The film is upstanding and empathetic, though its consideration of Lili’s situation is crafted so generically that it could be any number of social prejudices and disinclinations that beset the lead character. In that, The Danish Girl recalls last year’s most rote prestige picture, The Imitation Game. It’s not nearly as execrable in its patent phoniness, which is admittedly praise about as faint as the film’s pulse. Only Vikander transcends the lulling blandness of it all, largely by injecting her character with sparks of flinty personality. She offers a gentle, welcome counter-argument to the film’s prevailing thesis that being respectful in depiction of a sensitive topic mandates a withdrawal from the bold.

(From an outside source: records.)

theorem lemma1:
  fixes N :: nat
    and U :: "nat \<Rightarrow> 'u set"
    and c :: "nat \<Rightarrow> 'x::finite \<Rightarrow> (nat \<Rightarrow> 'u) \<Rightarrow> real"
    and \<beta> :: "nat \<Rightarrow> real"
    and P :: "'x \<Rightarrow> (nat \<Rightarrow> 'u) \<Rightarrow> 'x pmf"
  assumes N: "N \<ge> 1"
    and U_fin: "\<And>i. i < N \<Longrightarrow> finite (U i)"
    and U_ne: "\<And>i. i < N \<Longrightarrow> U i \<noteq> {}"
    and beta: "\<And>i. i < N \<Longrightarrow> 0 < \<beta> i \<and> \<beta> i < 1"
    and CI: "common_interest N U c \<beta> P"
    and i: "i < N"
    and opt: "pis \<in> team_opt N U c \<beta> P"
    and nonopt: "pit \<in> joint_policies N U - team_opt N U c \<beta> P"
  shows "(\<Sum>x\<in>UNIV. Qstar U c \<beta> P i pis x (pis i x))
           < (\<Sum>x\<in>UNIV. Qstar U c \<beta> P i pit x (pit i x))"
proof -
  interpret game_player U c \<beta> P i N
    using U_fin U_ne beta[OF i] i by unfold_locales auto
  have pit: "pit \<in> joint_policies N U" using nonopt by simp
  show ?thesis
  proof (rule ccontr)
    assume not_less: "\<not> ?thesis"
    have "Qstar U c \<beta> P i pit x (pit i x) = J c \<beta> P i x pis" for x
    proof (rule ccontr)
      assume "Qstar U c \<beta> P i pit x (pit i x) \<noteq> J c \<beta> P i x pis"
      hence "(\<Sum>x\<in>UNIV. J c \<beta> P i x pis) < (\<Sum>x\<in>UNIV. Qstar U c \<beta> P i pit x (pit i x))"
        using team_opt_le_Qstar_own_action[OF opt pit]
        by (intro sum_strict_mono_ex1) (auto simp: order.strict_iff_order, metis)
      with not_less show False by (simp add: Qstar_own_action_team_opt[OF opt])
    qed
    hence "J c \<beta> P i x pit = J c \<beta> P i x pis" for x
      by (rule J_eq_team_opt_if_Qstar_own_action_eq[OF opt pit])
    with common_interest_total_J_less[OF CI opt nonopt] show False by simp
  qed
qed

end
lemma trace_adj_pow_eq_extremal_iff:
  assumes G: "simple_graph n E" and S: "\<forall>i j. E i j \<longrightarrow> (i \<in> S \<longleftrightarrow> j \<notin> S)"
    and m: "num_edges n E \<ge> 1"
  shows "(\<forall>k. (\<Sum>i<n. mpow n (adj E) k i i) = extremal_trace (R_half n E / real (num_edges n E)) (real n - 2) k)
    \<longleftrightarrow> complete_bipartite_plus_isolated n E"
proof
  assume eq: "\<forall>k. (\<Sum>i<n. mpow n (adj E) k i i) = extremal_trace (R_half n E / real (num_edges n E)) (real n - 2) k"
  show "complete_bipartite_plus_isolated n E"
    by (rule complete_bipartite_if_trace_two_eq[OF G S m eq[rule_format]])
next
  assume "complete_bipartite_plus_isolated n E"
  then obtain P Q where "complete_bipartite n E P Q"
    unfolding complete_bipartite_plus_isolated_def complete_bipartite_def by blast
  from complete_bipartite.trace_mpow[OF this m]
  show "\<forall>k. (\<Sum>i<n. mpow n (adj E) k i i) = extremal_trace (R_half n E / real (num_edges n E)) (real n - 2) k" ..
qed

theorem mainTheorem10:
  fixes n :: nat and E :: "nat \<Rightarrow> nat \<Rightarrow> bool"
  assumes "simple_graph n E" and "bipartite n E" and "num_edges n E \<ge> 1"
  shows "estrada_index n E \<ge> 2 * cosh (R_half n E / real (num_edges n E)) + (real n - 2)
       \<and> (estrada_index n E = 2 * cosh (R_half n E / real (num_edges n E)) + (real n - 2)
           \<longleftrightarrow> complete_bipartite_plus_isolated n E)"
proof -
  note G = assms(1) and m = assms(3)
  obtain S where S: "\<forall>i j. E i j \<longrightarrow> (i \<in> S \<longleftrightarrow> j \<notin> S)"
    using assms(2) unfolding bipartite_def by blast
  define \<rho> where "\<rho> = R_half n E / real (num_edges n E)"
  define b where "b k = extremal_trace \<rho> (real n - 2) k / fact k" for k
  define c where "c k = (\<Sum>i<n. mpow n (adj E) k i i) / fact k" for k
  have b: "b sums (2 * cosh \<rho> + (real n - 2))" unfolding b_def by (rule extremal_trace_sums)
  have c: "c sums estrada_index n E" unfolding c_def by (rule estrada_index_sums[OF G])
  have le: "b k \<le> c k" for k
    unfolding b_def c_def \<rho>_def by (intro divide_right_mono trace_adj_pow_ge[OF G S m]) simp
  have "b k = c k \<longleftrightarrow> (\<Sum>i<n. mpow n (adj E) k i i) = extremal_trace \<rho> (real n - 2) k" for k
    unfolding b_def c_def by auto
  then have "(\<forall>k. b k = c k) \<longleftrightarrow> complete_bipartite_plus_isolated n E"
    unfolding \<rho>_def by (simp add: trace_adj_pow_eq_extremal_iff[OF G S m])
  then show ?thesis
    using sums_le[OF le b c] sums_eq_iff_termwise_eq[OF le b c] unfolding \<rho>_def by auto
qed
(* For a finite group $G$ and a nonnormal subgroup $H$ of $G$ with $H\cong\mathbb Z_2$, let $r$ be the number of fixed points of the left translation action of $H$ on $G/H$ (equivalently $r=[Z_G(H):H]$, where $Z_G(H)$ is the centralizer of $H$) and let $q$ be the number of two-element orbits of this action (so $[G:H]=r+2q$). Then a pair $(r,q)$ of positive integers arises in this way from some such $G$ and $H$ if and only if $r$ divides $2q$. *)

theory Defs
  imports "HOL-Algebra.Coset"
begin

definition left_cosets :: "('a, 'b) monoid_scheme \<Rightarrow> 'a set \<Rightarrow> 'a set set" where
  "left_cosets G H = {x <#\<^bsub>G\<^esub> H | x. x \<in> carrier G}"

definition fixed_cosets :: "('a, 'b) monoid_scheme \<Rightarrow> 'a set \<Rightarrow> 'a set set" where
  "fixed_cosets G H = {C \<in> left_cosets G H. \<forall>h\<in>H. h <#\<^bsub>G\<^esub> C = C}"

definition coset_orbit :: "('a, 'b) monoid_scheme \<Rightarrow> 'a set \<Rightarrow> 'a set \<Rightarrow> 'a set set" where
  "coset_orbit G H C = {h <#\<^bsub>G\<^esub> C | h. h \<in> H}"

definition two_elem_orbits :: "('a, 'b) monoid_scheme \<Rightarrow> 'a set \<Rightarrow> 'a set set set" where
  "two_elem_orbits G H = {Ob. \<exists>C\<in>left_cosets G H. Ob = coset_orbit G H C \<and> card Ob = 2}"

definition arises_from :: "('a, 'b) monoid_scheme \<Rightarrow> 'a set \<Rightarrow> nat \<Rightarrow> nat \<Rightarrow> bool" where
  "arises_from G H r q \<longleftrightarrow>
     group G \<and> finite (carrier G) \<and> subgroup H G \<and> \<not> (H \<lhd> G) \<and> card H = 2 \<and>
     r = card (fixed_cosets G H) \<and> q = card (two_elem_orbits G H)"

end

theory Submission
  imports Defs "HOL-Algebra.Left_Coset" "HOL-Library.Countable"
begin

text \<open>Write \<open>H = {1, h}\<close>. The coset \<open>xH\<close> is fixed by \<open>h\<close> iff \<open>x\<close> commutes with \<open>h\<close>, so the
  fixed cosets are the cosets of \<open>H\<close> inside the centralizer \<open>C\<close> of \<open>h\<close> and \<open>2r = |C|\<close>; since
  \<open>h\<close> acts on \<open>G/H\<close> as an involution, \<open>[G:H] = r + 2q\<close>. By Lagrange \<open>|C|\<close> divides \<open>|G|\<close>,
  so \<open>r\<close> divides \<open>[G:H] = |G|/2\<close> and hence \<open>2q\<close>.

  Conversely, in \<open>Z\<^sub>a \<times> D\<^sub>n\<close> (\<open>n \<ge> 3\<close>) with \<open>H\<close> generated by a reflection, \<open>H\<close> is not normal,
  \<open>[G:H] = an\<close>, and \<open>r = a\<close> for odd \<open>n\<close>, \<open>r = 2a\<close> for even \<open>n\<close>. Taking \<open>a = r/2\<close> or \<open>a = r\<close>
  according as \<open>r\<close> is even or odd, and \<open>n = (r + 2q)/a\<close>, realizes \<open>(r, q)\<close>.\<close>

lemma card_involution_fixed_points_and_orbits:
  assumes fin: "finite X" and maps: "\<And>x. x \<in> X \<Longrightarrow> \<sigma> x \<in> X"
    and invol: "\<And>x. x \<in> X \<Longrightarrow> \<sigma> (\<sigma> x) = x"
  shows "card X = card {x \<in> X. \<sigma> x = x} + 2 * card {{x, \<sigma> x} | x. x \<in> X \<and> \<sigma> x \<noteq> x}"
proof -
  define M where "M = {x \<in> X. \<sigma> x \<noteq> x}"
  define P where "P = {{x, \<sigma> x} | x. x \<in> M}"
  have orbit_eq: "{z, \<sigma> z} = {x, \<sigma> x}" if "x \<in> X" "z \<in> {x, \<sigma> x}" for x z
    using that invol by auto
  have "\<sigma> x \<in> M" if "x \<in> M" for x
    using that maps invol unfolding M_def by force
  then have UP: "\<Union>P = M"
    unfolding P_def by blast
  have "2 * card P = card (\<Union>P)"
  proof (rule card_partition)
    show "finite P" using fin by (simp add: P_def M_def)
    show "finite (\<Union>P)" using UP fin by (simp add: M_def)
    show "card c = 2" if "c \<in> P" for c using that by (auto simp: P_def M_def)
    show "c1 \<inter> c2 = {}" if "c1 \<in> P" "c2 \<in> P" "c1 \<noteq> c2" for c1 c2
      using that orbit_eq unfolding P_def M_def by blast
  qed
  moreover have "card X = card {x \<in> X. \<sigma> x = x} + card M"
  proof -
    have "X = {x \<in> X. \<sigma> x = x} \<union> M" by (auto simp: M_def)
    then show ?thesis using fin by (metis (no_types, lifting) M_def card_Un_disjoint disjoint_iff
      finite_Un mem_Collect_eq)
  qed
  ultimately show ?thesis using UP by (simp add: P_def M_def)
qed
definition TP_omega :: "('a, 'l) cprogram \<Rightarrow> ('a, 'l) cinterp" where
  "TP_omega P = (\<lambda>p. \<Union>k. TP_up P k p)"

end

theory Submission
  imports Defs
begin

(* For a positive program P the operator TP P is monotone and
   finitary: a rule body is a finite conjunction of atoms, so a graph lying in
   the body value under the union of an increasing chain already lies in it at
   some finite stage.  Hence TP_omega P is a fixpoint, and it is below every
   prefixed point (TP P J \<le> J); fixpoints and causal models are prefixed
   points, which gives part (i) and the first half of (ii).

   For finite P we bound the iteration by card P.  Values only shrink along a
   derivation (G \<le> G\<cdot>G'), so a derivation using some rule twice on one
   branch can be shortcut at the lower occurrence.  We formalise derivations
   without repeated rules as once_val S, defined by recursion on the set of
   still-available rules, show that once_val P is itself a prefixed point
   (the exchange lemma once_val_exchange is the shortcut argument), and
   observe that once_val P is reached by card P iterations of TP P. *)

definition rule_val :: "('a, 'l) cinterp \<Rightarrow> ('a, 'l) crule \<Rightarrow> 'l cvalue" where
  "rule_val I r = cv_app (body_val I (rbody r)) (tval (rlabel r))"

lemma TP_mem: "G \<in> TP P I p \<longleftrightarrow> (\<exists>r\<in>P. rhead r = p \<and> G \<in> rule_val I r)"
  unfolding TP_def rule_val_def by blast

lemma mem_cv_app:
  "G \<in> cv_app U V \<longleftrightarrow> is_cgraph G \<and> (\<exists>B\<in>U. \<exists>B'\<in>V. cg_le G (cg_app B B'))"
  unfolding cv_app_def down_def by blast

lemma cg_le_trans: "cg_le G H \<Longrightarrow> cg_le H K \<Longrightarrow> cg_le G K"
  unfolding cg_le_def by blast

lemma cg_le_app: "cg_le (cg_app B B') B"
  unfolding cg_le_def cg_app_def gclose_def by auto

lemma is_cvalue_cv_app: "is_cvalue (cv_app U V)"
  unfolding is_cvalue_def by (auto simp: mem_cv_app intro: cg_le_trans)

lemma is_cvalue_Union: "(\<And>U. U \<in> F \<Longrightarrow> is_cvalue U) \<Longrightarrow> is_cvalue (\<Union>F)"
  unfolding is_cvalue_def by blast

lemma is_cvalue_TP: "is_cvalue (TP P I p)"
  unfolding TP_def by (rule is_cvalue_Union) (auto intro: is_cvalue_cv_app)

lemma body_val_mem:
  "B \<in> body_val I bs \<longleftrightarrow> is_cgraph B \<and> (\<forall>b\<in>set bs. B \<in> lit_val I b)"
  by (induction bs) (auto simp: body_val_def cv_prod_def cv_one_def)

lemma positive_body_val:
  assumes "positive P" "r \<in> P"
  shows "B \<in> body_val I (rbody r) \<longleftrightarrow> is_cgraph B \<and> (\<forall>c. Pos c \<in> set (rbody r) \<longrightarrow> B \<in> I c)"
  using assms unfolding positive_def body_val_mem by (metis lit_val.simps(1))

lemma positive_subset: "positive P \<Longrightarrow> S \<subseteq> P \<Longrightarrow> positive S"
  unfolding positive_def by blast

lemma rule_val_mono:
  assumes "positive P" "r \<in> P" "\<And>c. I c \<subseteq> J c"
  shows "rule_val I r \<subseteq> rule_val J r"
proof -
  have "body_val I (rbody r) \<subseteq> body_val J (rbody r)"
    using assms(3) unfolding subset_iff positive_body_val[OF assms(1,2)] by blast
  then show ?thesis unfolding rule_val_def subset_iff mem_cv_app by blast
qed

lemma rule_val_witness:
  assumes "positive P" "r \<in> P" "G \<in> rule_val I r"
  obtains B where "cg_le G B" "\<And>c. Pos c \<in> set (rbody r) \<Longrightarrow> B \<in> I c"
    "\<And>J. (\<And>c. Pos c \<in> set (rbody r) \<Longrightarrow> B \<in> J c) \<Longrightarrow> G \<in> rule_val J r"
proof -
  obtain B B' where B: "is_cgraph G" "is_cgraph B" "\<And>c. Pos c \<in> set (rbody r) \<Longrightarrow> B \<in> I c"
    "B' \<in> tval (rlabel r)" "cg_le G (cg_app B B')"
    using assms(3) by (auto simp: rule_val_def mem_cv_app positive_body_val[OF assms(1,2)])
  show ?thesis
  proof
    show "cg_le G B" using cg_le_trans[OF B(5) cg_le_app] .
    show "G \<in> rule_val J r" if "\<And>c. Pos c \<in> set (rbody r) \<Longrightarrow> B \<in> J c" for J
      using B that by (auto simp: rule_val_def mem_cv_app positive_body_val[OF assms(1,2)])
  qed (use B in blast)
qed

section \<open>Monotonicity and continuity of the immediate consequence operator\<close>

lemma TP_mono:
  assumes "positive P" "\<And>c. I c \<subseteq> J c"
  shows "TP P I p \<subseteq> TP P J p"
proof -
  have "rule_val I r \<subseteq> rule_val J r" if "r \<in> P" for r
    using rule_val_mono[OF assms(1) that assms(2)] .
  then show ?thesis unfolding subset_iff TP_mem by blast
qed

There’s boldness to be found in Joy, the latest from director David O. Russell. A coherent vision is what’s lacking. In telling the story of Joy Mangano (Jennifer Lawrence, skillful enough in the role to justify her anointed place as Russell’s muse), the inventor of the Miracle Mop and a bevy of other products, Russell’s film careens all over the place. Sometimes its a relatively straightforward rendering of a bizarre version of the American Dream realized, and sometimes it’s set asunder by a scampish deconstruction of narrative. Depending on the moment, the film can come across as a soft satire, a conventional female empowerment drama, or a new spin on the appealing Scorsese aping of Russell’s American Hustle, the Goodfellas gangster culture repurposed into the anxious capitalism of the earliest days of QVC. The marauding romp across different approaches wouldn’t be problematic if it came across as purposeful, the unsettled nature of the film striving for more intricate meaning. Instead, it feels like the whole endeavor simply got away from Russell, as if he didn’t really know what he wanted to make, so he tried to make it everything.